I was asked how to handle a situation where a daughter wants a tattoo, but the parent does not want to see a tattoo on her body.
I responded that the most effective approach is to induce the daughter to influence herself. The key to this approach is asking reflective questions and prompting the daughter to evaluate. Here are some reflective questions that I shared with her:
“How about making a list of all the advantages and the disadvantages of getting a tattoo and then comparing the responses?”
“Project ahead five years. Is the short term fun worth the long-term frustration when you will want it removed?”
“Remembering that the emotion of making the decision will not outlast the emotion of being sorry if you want it removed, what are the consequences if you decide to remove it?”
We so often want to protect our children from something we as parents believe they will regret. But people learn by their decisions. As long as the decision is not life threatening or harmful, the most effective approach is for the parent to allow young people to reap the consequences of their own decisions.
Another way to think about the situation is that it becomes a problem to the parent when the parent labels it a problem. The most effective approach may not get what the parent desires, but is that so critical?
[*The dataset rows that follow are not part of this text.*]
lemma xi_dens_avg_eff:
  "xi_dens xi (avg_eff y) l = (xi (Eff 1 y) l + xi (Eff 2 y) l + xi (Eff 3 y) l) / 3"
  unfolding xi_dens_def supp_avg_eff by (simp add: avg_eff_def)

lemma xi_dens_mix2_pt:
  "xi_dens xi (mix2 (pt a) (pt b)) l = (xi a l + xi b l) / 2"
  unfolding xi_dens_def by (simp add: sum_supp_mix2)

lemma noncontextual_xi_Eff_complement:
  assumes "multitask_model D P" "noncontextual_model D P M mu xi"
    and "k \<in> {1, 2, 3}" "l \<in> space M"
  shows "xi (Eff k 1) l + xi (Eff k (-1)) l = 1"
proof -
  let ?ed = "mix2 (pt (Eff k 1)) (pt (Eff k (-1)))"
  let ?ed' = "mix2 (pt Omega) (pt Null)"
  have "eff_density ?ed" "eff_density ?ed'"
    using \<open>k \<in> {1, 2, 3}\<close> unfolding eff_density_def by (auto intro!: density_mix2 density_pt)
  moreover have "eff_equiv D P ?ed ?ed'"
    using assms(1,3) unfolding eff_equiv_def prob_pt_right multitask_model_def
    by (auto simp: sum_supp_mix2)
  ultimately have "xi_dens xi ?ed l = xi_dens xi ?ed' l"
    using assms(2,4) unfolding noncontextual_model_def by blast
  moreover have "xi Omega l = 1" "xi Null l = 0"
    using assms(2,4) unfolding noncontextual_model_def ont_model_def by auto
  ultimately show ?thesis by (simp add: xi_dens_mix2_pt)
qed

lemma noncontextual_xi_Eff_sum:
  assumes "multitask_model D P" "noncontextual_model D P M mu xi"
    and "eff_equiv D P (avg_eff 1) (avg_eff (-1))" "l \<in> space M"
  shows "xi (Eff 1 1) l + xi (Eff 2 1) l + xi (Eff 3 1) l = 3 / 2"
proof -
  have "xi_dens xi (avg_eff 1) l = xi_dens xi (avg_eff (-1)) l"
    using assms(2-4) eff_density_avg_eff unfolding noncontextual_model_def by simp
  moreover have "\<forall>k\<in>{1, 2, 3}. xi (Eff k 1) l + xi (Eff k (-1)) l = 1"
    using noncontextual_xi_Eff_complement[OF assms(1,2) _ assms(4)] by blast
  ultimately show ?thesis
    unfolding xi_dens_avg_eff by simp
qed

lemma mu_dens_mix2:
  "finite (supp a) \<Longrightarrow> finite (supp b) \<Longrightarrow>
    mu_dens mu (mix2 a b) l = (mu_dens mu a l + mu_dens mu b l) / 2"
  unfolding mu_dens_def by (simp add: sum_supp_mix2 add_divide_distrib)

lemma noncontextual_mu_dens_mix2_eq:
  assumes "noncontextual_model D P M mu xi"
    and "prep_density D a" "prep_density D b" "prep_density D c" "prep_density D d"
    and "prep_equiv P (mix2 a b) (mix2 c d)" "l \<in> space M"
  shows "mu_dens mu a l + mu_dens mu b l = mu_dens mu c l + mu_dens mu d l"
proof -
  have "prep_density D (mix2 a b)" "prep_density D (mix2 c d)"
    using assms(2-5) unfolding prep_density_def by (simp_all add: density_mix2)
  then have "mu_dens mu (mix2 a b) l = mu_dens mu (mix2 c d) l"
    using assms(1,6,7) unfolding noncontextual_model_def by blast
  moreover have "finite (supp s)" if "prep_density D s" for s
    using that unfolding prep_density_def density_def by blast
  ultimately show ?thesis
    using assms(2-5) by (simp add: mu_dens_mix2)
qed

lemma ont_model_mu_dens_nonneg:
  assumes "ont_model D P M mu xi" "prep_density D s" "l \<in> space M"
  shows "0 \<le> mu_dens mu s l"
  using assms unfolding ont_model_def prep_density_def density_def mu_dens_def
  by (auto intro!: sum_nonneg)

lemma ont_model_has_integral_mu_dens:
  assumes "ont_model D P M mu xi" "prep_density D s"
  shows "has_bochner_integral M (mu_dens mu s) 1"
proof -
  have "has_bochner_integral M (\<lambda>l. \<Sum>x\<in>supp s. s x * mu x l) (\<Sum>x\<in>supp s. s x * 1)"
    using assms unfolding ont_model_def prep_density_def density_def
    by (intro has_bochner_integral_sum has_bochner_integral_mult_right)
      (auto simp: has_bochner_integral_iff)
  then show ?thesis
    using assms(2) unfolding mu_dens_def prep_density_def density_def by simp
qed

lemma ont_model_has_integral_prob:
  assumes "ont_model D P M mu xi" "prep_density D s" "valid_eff e"
  shows "has_bochner_integral M (\<lambda>l. mu_dens mu s l * xi e l) (prob P (pt e) s)"
proof -
  have "has_bochner_integral M (\<lambda>l. \<Sum>x\<in>supp s. s x * (mu x l * xi e l))
      (\<Sum>x\<in>supp s. s x * stat P e x)"
    using assms unfolding ont_model_def prep_density_def density_def
    by (intro has_bochner_integral_sum has_bochner_integral_mult_right)
      (auto simp: has_bochner_integral_iff)
  then show ?thesis
    unfolding mu_dens_def prob_pt_left by (simp add: sum_distrib_right mult.assoc)
qed

lemma mult_le_half_plus_excess:
  fixes m n x :: real
  assumes "0 \<le> m" "m \<le> n"
  shows "m * x \<le> m / 2 + n * max (x - 1/2) 0"
proof (cases "x \<ge> 1/2")
  case True
  then have "m * (x - 1/2) \<le> n * (x - 1/2)" using assms by (intro mult_right_mono) auto
  then show ?thesis using True by (simp add: algebra_simps)
next
  case False
  then have "m * (x - 1/2) \<le> 0" using assms by (simp add: mult_nonneg_nonpos)
  then show ?thesis using False by (simp add: algebra_simps)
qed

lemma balanced_response_le:
  fixes m1 m2 m3 m4 m5 m6 a b c :: real
  assumes "0 \<le> m1" "0 \<le> m2" "0 \<le> m3" "0 \<le> m4" "0 \<le> m5" "0 \<le> m6"
    and "m1 + m2 = m3 + m4" "m3 + m4 = m5 + m6"
    and "0 \<le> a" "a \<le> 1" "0 \<le> b" "b \<le> 1" "0 \<le> c" "c \<le> 1" "a + b + c = 3/2"
  shows "m1 * a + m3 * b + m5 * c \<le> (m1 + m3 + m5) / 2 + (m1 + m2) / 2"
proof -
  define n where "n = m1 + m2"
  define excess where "excess = max (a - 1/2) 0 + max (b - 1/2) 0 + max (c - 1/2) (0::real)"
  have "excess \<le> 1/2"
    using assms(9-15) unfolding excess_def by (simp add: max_def)
  have "m1 * a + m3 * b + m5 * c \<le> (m1 + m3 + m5) / 2 + n * excess"
    using mult_le_half_plus_excess[of m1 n a] mult_le_half_plus_excess[of m3 n b]
      mult_le_half_plus_excess[of m5 n c] assms(1-8)
    unfolding n_def excess_def by (simp add: distrib_left add_divide_distrib)
  also have "\<dots> \<le> (m1 + m3 + m5) / 2 + n / 2"
    using \<open>excess \<le> 1/2\<close> assms(1,2) unfolding n_def
    by (simp add: mult_left_mono[of _ "1/2" "m1 + m2", simplified])
  finally show ?thesis
    unfolding n_def .
qed

lemma balanced_response_integral_le:
  fixes f1 f2 f3 f4 f5 f6 g1 g2 g3 :: "'l \<Rightarrow> real"
  assumes "has_bochner_integral M f1 1" "has_bochner_integral M f2 1"
    and "has_bochner_integral M f3 1" "has_bochner_integral M f5 1"
    and "has_bochner_integral M (\<lambda>l. f1 l * g1 l) p1"
    and "has_bochner_integral M (\<lambda>l. f3 l * g2 l) p2"
    and "has_bochner_integral M (\<lambda>l. f5 l * g3 l) p3"
    and "\<And>l. l \<in> space M \<Longrightarrow> 0 \<le> f1 l \<and> 0 \<le> f2 l \<and> 0 \<le> f3 l \<and> 0 \<le> f4 l \<and> 0 \<le> f5 l \<and> 0 \<le> f6 l"
    and "\<And>l. l \<in> space M \<Longrightarrow> f1 l + f2 l = f3 l + f4 l \<and> f3 l + f4 l = f5 l + f6 l"
    and "\<And>l. l \<in> space M \<Longrightarrow> 0 \<le> g1 l \<and> g1 l \<le> 1 \<and> 0 \<le> g2 l \<and> g2 l \<le> 1 \<and> 0 \<le> g3 l \<and> g3 l \<le> 1"
    and "\<And>l. l \<in> space M \<Longrightarrow> g1 l + g2 l + g3 l = 3/2"
  shows "p1 + p2 + p3 \<le> 5/2"
proof -
  let ?lhs = "\<lambda>l. f1 l * g1 l + f3 l * g2 l + f5 l * g3 l"
  let ?rhs = "\<lambda>l. (f1 l + f3 l + f5 l) / 2 + (f1 l + f2 l) / 2"
  have lhs: "has_bochner_integral M ?lhs (p1 + p2 + p3)"
    using assms(5-7) by (intro has_bochner_integral_add)
  have rhs: "has_bochner_integral M ?rhs ((1 + 1 + 1) / 2 + (1 + 1) / 2)"
    using assms(1-4) by (intro has_bochner_integral_add has_bochner_integral_divide_zero)
  have "?lhs l \<le> ?rhs l" if l: "l \<in> space M" for l
    by (rule balanced_response_le[where ?m4.0 = "f4 l" and ?m6.0 = "f6 l"])
      (use assms(8)[OF l] assms(9)[OF l] assms(10)[OF l] assms(11)[OF l] in auto)
  then have "integral\<^sup>L M ?lhs \<le> integral\<^sup>L M ?rhs"
    using lhs rhs by (intro integral_mono) (auto simp: has_bochner_integral_iff)
  then show ?thesis
    using lhs rhs by (simp add: has_bochner_integral_iff)
qed

lemma ont_model_prob_sum_le:
  assumes ont: "ont_model D P M mu xi"
    and "prep_density D s1" "prep_density D s2" "prep_density D s3"
    and "prep_density D s4" "prep_density D s5" "prep_density D s6"
    and balanced: "\<And>l. l \<in> space M \<Longrightarrow>
      mu_dens mu s1 l + mu_dens mu s2 l = mu_dens mu s3 l + mu_dens mu s4 l \<and>
      mu_dens mu s3 l + mu_dens mu s4 l = mu_dens mu s5 l + mu_dens mu s6 l"
    and xi_sum: "\<And>l. l \<in> space M \<Longrightarrow> xi (Eff 1 1) l + xi (Eff 2 1) l + xi (Eff 3 1) l = 3/2"
  shows "prob P (pt (Eff 1 1)) s1 + prob P (pt (Eff 2 1)) s3 + prob P (pt (Eff 3 1)) s5 \<le> 5/2"
proof (rule balanced_response_integral_le
    [where ?f2.0 = "mu_dens mu s2" and ?f4.0 = "mu_dens mu s4" and ?f6.0 = "mu_dens mu s6"])
  show "has_bochner_integral M (mu_dens mu s1) 1" "has_bochner_integral M (mu_dens mu s2) 1"
    "has_bochner_integral M (mu_dens mu s3) 1" "has_bochner_integral M (mu_dens mu s5) 1"
    using assms(2-4,6) by (simp_all add: ont_model_has_integral_mu_dens[OF ont])
  show "has_bochner_integral M (\<lambda>l. mu_dens mu s1 l * xi (Eff 1 1) l) (prob P (pt (Eff 1 1)) s1)"
    "has_bochner_integral M (\<lambda>l. mu_dens mu s3 l * xi (Eff 2 1) l) (prob P (pt (Eff 2 1)) s3)"
    "has_bochner_integral M (\<lambda>l. mu_dens mu s5 l * xi (Eff 3 1) l) (prob P (pt (Eff 3 1)) s5)"
    using assms(2,4,6) by (simp_all add: ont_model_has_integral_prob[OF ont])
  fix l assume l: "l \<in> space M"
  show "0 \<le> mu_dens mu s1 l \<and> 0 \<le> mu_dens mu s2 l \<and> 0 \<le> mu_dens mu s3 l \<and>
      0 \<le> mu_dens mu s4 l \<and> 0 \<le> mu_dens mu s5 l \<and> 0 \<le> mu_dens mu s6 l"
    using assms(2-7) l by (simp add: ont_model_mu_dens_nonneg[OF ont])
  have "0 \<le> xi e l \<and> xi e l \<le> 1" if "valid_eff e" for e
    using ont that l unfolding ont_model_def by blast
  then show "0 \<le> xi (Eff 1 1) l \<and> xi (Eff 1 1) l \<le> 1 \<and> 0 \<le> xi (Eff 2 1) l \<and>
      xi (Eff 2 1) l \<le> 1 \<and> 0 \<le> xi (Eff 3 1) l \<and> xi (Eff 3 1) l \<le> 1"
    by simp
qed (use balanced xi_sum in blast)+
The parent will find that the best chance of the daughter’s not getting a tattoo and retaining good relationships is by (1) letting the daughter know that the parent will love her whatever she chooses (after the parent lets the daughter know that the parent detests her having a tattoo), (2) by the parent’s empowering her with the choice (after expressing the parent’s desires), and (3) by the parent’s prompting the daughter to reflect on the short-term peer influence of external motivation versus the long-term decision of internal motivation over not succumbing to such peer influence.